**WORKING DATA**:

(* Let $n_{y'}$ be the number of occurrences of $y'$ among $y_1,\dots,y_l$, and define \[ e_{y'}:=\frac{1}{Y-1}\Bigl(\frac{l+Y\alpha}{n_{y'}+\alpha}-1\Bigr),\qquad y'\in\mathbf{Y}. \] Then $(e_{y'})$ is an e-variable valid under the Bayesian model, and it is the unique solution of \[ \mathbb{E}\sum_{y'\in\mathbf{Y}\setminus\{y\}}\ln e_{y'}\to\max \] over all e-variables valid under the Bayesian model. Here the expectation is over $y_1,\dots,y_l,y$ generated from the Bayesian model.
   Context: Bayesian model: the label space is $\mathbf{Y}=\{1,\dots,Y\}$ with $Y\ge2$. The parameter $\theta$ lies in the simplex $\Theta=\{\theta\in[0,1]^Y:\sum_y\theta_y=1\}$ and is drawn from $\mathrm{Dir}(\alpha,\dots,\alpha)$ with $\alpha>0$. Given $\theta$, the observations $y_1,\dots,y_l,y$ are i.i.d. with $\Pr(y_i=u)=\theta_u$. The first $l$ observations form the training set; $y$ is the test observation. An e-variable is a family of nonnegative values $e_{y'}=f(y_1,\dots,y_l,y')$, $y'\in\mathbf{Y}$, for some function $f$. It is valid under the Bayesian model if $\mathbb{E}\,f(y_1,\dots,y_l,y)\le1$, where $y$ is the actual test observation. The convention $\ln 0=-\infty$ is used. *)

theory Defs
  imports "HOL-Analysis.Analysis"
begin

definition labels :: "nat \<Rightarrow> nat set" where
  "labels Y = {1..Y}"

definition seqs :: "nat \<Rightarrow> nat \<Rightarrow> nat list set" where
  "seqs Y l = {ys. length ys = l \<and> set ys \<subseteq> labels Y}"

text \<open>Coordinates of the simplex: (theta_1,...,theta_{Y-1}); theta_Y = 1 - sum of the others.\<close>

definition theta_of :: "nat \<Rightarrow> (nat \<Rightarrow> real) \<Rightarrow> (nat \<Rightarrow> real)" where
  "theta_of Y x = restrict (\<lambda>u. if u = Y then 1 - (\<Sum>v\<in>{1..<Y}. x v) else x u) {1..Y}"
lemma run_status_adopted_mono:
  assumes "run_status Q SA SB w t v Z = Adopted" "t \<le> t'"
  shows "run_status Q SA SB w t' v Z = Adopted"
  using assms(2,1)
proof (induction t' rule: dec_induct)
  case (step n)
  then show ?case
    unfolding run_status_Suc
    by (intro fold_inform_invariant[where P = "\<lambda>s. s Z = Adopted"]) (simp_all add: inform_preserves_adopted)
qed simp

lemma run_status_informed_mono:
  assumes "run_status Q SA SB w t v Z \<noteq> Idle" "t \<le> t'"
  shows "run_status Q SA SB w t' v Z \<noteq> Idle"
  using assms(2,1)
proof (induction t' rule: dec_induct)
  case (step n)
  then show ?case
    unfolding run_status_Suc
    by (intro fold_inform_invariant[where P = "\<lambda>s. s Z \<noteq> Idle"]) (simp_all add: inform_preserves_informed)
qed simp

lemma set_run_news_0:
  "set (run_news Q SA SB w 0 v) = {Z. run_status Q SA SB w 0 v Z = Adopted}"
  using item_eq_or_other[of _ "w_coin w v"]
  by (cases "w_coin w v") (auto simp: run.simps init_state_def)

lemma set_run_news_Suc:
  "set (run_news Q SA SB w (Suc t) v) =
     {Z. run_status Q SA SB w (Suc t) v Z = Adopted \<and> run_status Q SA SB w t v Z \<noteq> Adopted}"
  using fold_inform_snd[of Q "w_alpha w v" _ "run_status Q SA SB w t v" "[]"]
  unfolding run_status_Suc run_news_Suc by force

lemma run_news_adopted:
  "Z \<in> set (run_news Q SA SB w t v) \<Longrightarrow> run_status Q SA SB w t v Z = Adopted"
  by (cases t) (simp_all add: set_run_news_0 set_run_news_Suc)
lemma mult_power_in_int_span:
  assumes reduction: "x ^ D = (\<Sum>i<D. of_int (c i) * x ^ i)"
    and "finite H" and powers: "\<And>j. j < D \<Longrightarrow> x ^ j * h \<in> H" and "i < D"
  shows "x * (x ^ i * h) \<in> int_span H"
proof (cases "Suc i < D")
  case True
  then show ?thesis
    using powers[of "Suc i"] int_span_generator[OF \<open>finite H\<close>] by (simp add: mult.assoc)
next
  case False
  with \<open>i < D\<close> have "D = Suc i"
    by simp
  then have "x * (x ^ i * h) = x ^ D * h"
    by (simp add: mult.assoc)
  also have "\<dots> = (\<Sum>j<D. of_int (c j) * (x ^ j * h))"
    by (simp add: reduction sum_distrib_right mult.assoc)
  also have "\<dots> \<in> int_span H"
    using powers int_span_generator[OF \<open>finite H\<close>]
    by (intro int_span_sum int_span_of_int_mult) simp
  finally show ?thesis .
qed

lemma algebraic_int_common_span:
  fixes x y :: complex
  assumes "algebraic_int x" "algebraic_int y"
  shows "\<exists>G. finite G \<and> 1 \<in> G \<and> (\<forall>g\<in>G. x * g \<in> int_span G \<and> y * g \<in> int_span G)"
proof -
  obtain D c where D: "D > 0" "x ^ D = (\<Sum>i<D. of_int (c i) * x ^ i)"
    using algebraic_int_power_reduction[OF assms(1)] .
  obtain E d where E: "E > 0" "y ^ E = (\<Sum>i<E. of_int (d i) * y ^ i)"
    using algebraic_int_power_reduction[OF assms(2)] .
  define G where "G = {x ^ i * y ^ j | i j. i < D \<and> j < E}"
  have G: "x ^ i * y ^ j \<in> G" if "i < D" "j < E" for i j
    unfolding G_def using that by blast
  have "G = (\<lambda>(i, j). x ^ i * y ^ j) ` ({..<D} \<times> {..<E})"
    unfolding G_def by auto
  then have "finite G"
    by simp
  have "x * g \<in> int_span G \<and> y * g \<in> int_span G" if g: "g \<in> G" for g
  proof -
    obtain i j where ij: "i < D" "j < E" "g = x ^ i * y ^ j"
      using g unfolding G_def by blast
    have "x * (x ^ i * y ^ j) \<in> int_span G"
      using G ij by (intro mult_power_in_int_span[OF D(2) \<open>finite G\<close>])
    moreover have "y * (y ^ j * x ^ i) \<in> int_span G"
      using G ij by (intro mult_power_in_int_span[OF E(2) \<open>finite G\<close>]) (simp_all add: mult.commute)
    ultimately show ?thesis
      using ij by (simp add: mult.commute)
  qed
  moreover have "1 \<in> G"
    using G[of 0 0] D E by simp
  ultimately show ?thesis
    using \<open>finite G\<close> by (intro exI[of _ G]) simp
qed

lemma algebraic_int_times [intro]:
  fixes x y :: complex
  assumes "algebraic_int x" "algebraic_int y"
  shows "algebraic_int (x * y)"
proof -
  obtain G where G: "finite G" "1 \<in> G"
    "\<And>g. g \<in> G \<Longrightarrow> x * g \<in> int_span G" "\<And>g. g \<in> G \<Longrightarrow> y * g \<in> int_span G"
    using algebraic_int_common_span[OF assms] by blast
  have "x * y * g \<in> int_span G" if "g \<in> G" for g
    using int_span_mult_closed[OF G(1,3) G(4)[OF that]] by (simp add: mult.assoc)
  then show ?thesis
    using algebraic_int_if_int_span_mult_closed[OF G(1,2)] by simp
qed

lemma algebraic_int_plus [intro]:
  fixes x y :: complex
  assumes "algebraic_int x" "algebraic_int y"
  shows "algebraic_int (x + y)"
proof -
  obtain G where G: "finite G" "1 \<in> G"
    "\<And>g. g \<in> G \<Longrightarrow> x * g \<in> int_span G" "\<And>g. g \<in> G \<Longrightarrow> y * g \<in> int_span G"
    using algebraic_int_common_span[OF assms] by blast
  have "(x + y) * g \<in> int_span G" if "g \<in> G" for g
    using int_span_add[OF G(3,4)[OF that]] by (simp add: distrib_right)
  then show ?thesis
    using algebraic_int_if_int_span_mult_closed[OF G(1,2)] by simp
qed

lemma algebraic_int_diff [intro]:
  "algebraic_int x \<Longrightarrow> algebraic_int y \<Longrightarrow> algebraic_int (x - y :: complex)"
  using algebraic_int_plus[of x "- y"] by auto

lemma algebraic_int_power [intro]: "algebraic_int x \<Longrightarrow> algebraic_int (x ^ n :: complex)"
  by (induct n) auto

lemma algebraic_int_sum [intro]:
  "(\<And>i. i \<in> I \<Longrightarrow> algebraic_int (f i :: complex)) \<Longrightarrow> algebraic_int (sum f I)"
  by (induct I rule: infinite_finite_induct) auto

lemma algebraic_int_prod [intro]:
  "(\<And>i. i \<in> I \<Longrightarrow> algebraic_int (f i :: complex)) \<Longrightarrow> algebraic_int (prod f I)"
  by (induct I rule: infinite_finite_induct) auto

section \<open>Divisibility by \<open>2\<close> and roots of unity\<close>

definition alg_dvd :: "complex \<Rightarrow> complex \<Rightarrow> bool" where
  "alg_dvd x y \<longleftrightarrow> (\<exists>z. algebraic_int z \<and> y = x * z)"

lemma alg_dvdI: "algebraic_int z \<Longrightarrow> y = x * z \<Longrightarrow> alg_dvd x y"
  unfolding alg_dvd_def by blast

lemma alg_dvdE:
  assumes "alg_dvd x y"
  obtains z where "algebraic_int z" "y = x * z"
  using assms unfolding alg_dvd_def by blast

lemma alg_dvd_trans:
  assumes "alg_dvd x y" "alg_dvd y w"
  shows "alg_dvd x w"
proof -
  obtain z z' where "algebraic_int z" "y = x * z" "algebraic_int z'" "w = y * z'"
    using assms by (auto elim!: alg_dvdE)
  then show ?thesis
    by (intro alg_dvdI[of "z * z'"]) (auto simp: mult.assoc)
qed

lemma alg_dvd_mult:
  assumes "alg_dvd x y" "alg_dvd u v"
  shows "alg_dvd (x * u) (y * v)"
proof -
  obtain z z' where "algebraic_int z" "y = x * z" "algebraic_int z'" "v = u * z'"
    using assms by (auto elim!: alg_dvdE)
  then show ?thesis
    by (intro alg_dvdI[of "z * z'"]) (auto simp: mult_ac)
qed

lemma alg_dvd_power:
  assumes "alg_dvd x y"
  shows "alg_dvd (x ^ n) (y ^ n)"
proof -
  obtain z where "algebraic_int z" "y = x * z"
    using assms by (rule alg_dvdE)
  then show ?thesis
    by (intro alg_dvdI[of "z ^ n"]) (auto simp: power_mult_distrib)
qed

lemma int_dvd_if_alg_dvd:
  assumes "alg_dvd (of_int a) (of_int b)" "a \<noteq> 0"
  shows "a dvd b"
proof -
  obtain z :: complex where z: "algebraic_int z" "of_int b = of_int a * z"
    using assms(1) by (rule alg_dvdE)
  then have "z = of_rat (of_int b / of_int a)"
    using assms(2) by (simp add: of_rat_divide)
  then have "z \<in> \<int>"
    using z(1) rational_algebraic_int_is_int Rats_of_rat by metis
  then obtain k where "z = of_int k"
    by (auto elim: Ints_cases)
  then have "b = a * k"
    using z(2) by (metis of_int_eq_iff of_int_mult)
  then show ?thesis ..
qed

lemma algebraic_int_root_of_unity:
  fixes \<theta> :: complex
  assumes "\<theta> ^ N = 1" "N > 0"
  shows "algebraic_int \<theta>"
  by (rule algebraic_int_root[where y = 1 and p = "monom 1 N"])
    (use assms in \<open>auto simp: poly_monom degree_monom_eq coeff_monom\<close>)

lemma alg_dvd_one_minus_root_of_unity:
  fixes \<rho> :: complex
  assumes "\<rho> ^ m = 1" "\<rho> \<noteq> 1"
  shows "alg_dvd (1 - \<rho>) (of_nat m)"
proof (cases "m = 0")
  case True
  then show ?thesis
    by (intro alg_dvdI[of 0]) simp_all
next
  case False
  have "(1 - \<rho>) * (\<Sum>j<m. \<rho> ^ j) = 0"
    using assms(1) by (simp add: one_diff_power_eq[symmetric])
  then have "(\<Sum>j<m. \<rho> ^ j) = 0"
    using assms(2) by simp
  then have "of_nat m = (\<Sum>j<m. 1 - \<rho> ^ j)"
    by (simp add: sum_subtractf)
  also have "\<dots> = (1 - \<rho>) * (\<Sum>j<m. \<Sum>i<j. \<rho> ^ i)"
    by (simp add: sum_distrib_left one_diff_power_eq)
  finally have eq: "of_nat m = (1 - \<rho>) * (\<Sum>j<m. \<Sum>i<j. \<rho> ^ i)" .
  have "algebraic_int \<rho>"
    using algebraic_int_root_of_unity[OF assms(1)] False by simp
  then show ?thesis
    by (intro alg_dvdI[OF _ eq]) auto
qed

lemma alg_dvd_one_plus_one_minus_even_power:
  fixes \<theta> :: complex
  assumes "algebraic_int \<theta>"
  shows "alg_dvd (1 + \<theta>) (1 - \<theta> ^ (2 * M))"
proof (rule alg_dvdI)
  have "1 - \<theta> ^ (2 * M) = (1 - \<theta> ^ 2) * (\<Sum>i<M. (\<theta> ^ 2) ^ i)"
    by (simp add: power_mult one_diff_power_eq)
  then show "1 - \<theta> ^ (2 * M) = (1 + \<theta>) * ((1 - \<theta>) * (\<Sum>i<M. (\<theta> ^ 2) ^ i))"
    by (simp add: power2_eq_square algebra_simps)
qed (use assms in auto)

**EXERCISE DIRECTIONS**:
Copy out each line of the data above, exactly, if it lies between the line holding "finite G \<and>" and the line holding "using algebraic_int_power_reduction[OF assms(2)]", inclusive; copy no other line.

**ANSWER BOX**:
  shows "\<exists>G. finite G \<and> 1 \<in> G \<and> (\<forall>g\<in>G. x * g \<in> int_span G \<and> y * g \<in> int_span G)"
proof -
  obtain D c where D: "D > 0" "x ^ D = (\<Sum>i<D. of_int (c i) * x ^ i)"
    using algebraic_int_power_reduction[OF assms(1)] .
  obtain E d where E: "E > 0" "y ^ E = (\<Sum>i<E. of_int (d i) * y ^ i)"
    using algebraic_int_power_reduction[OF assms(2)] .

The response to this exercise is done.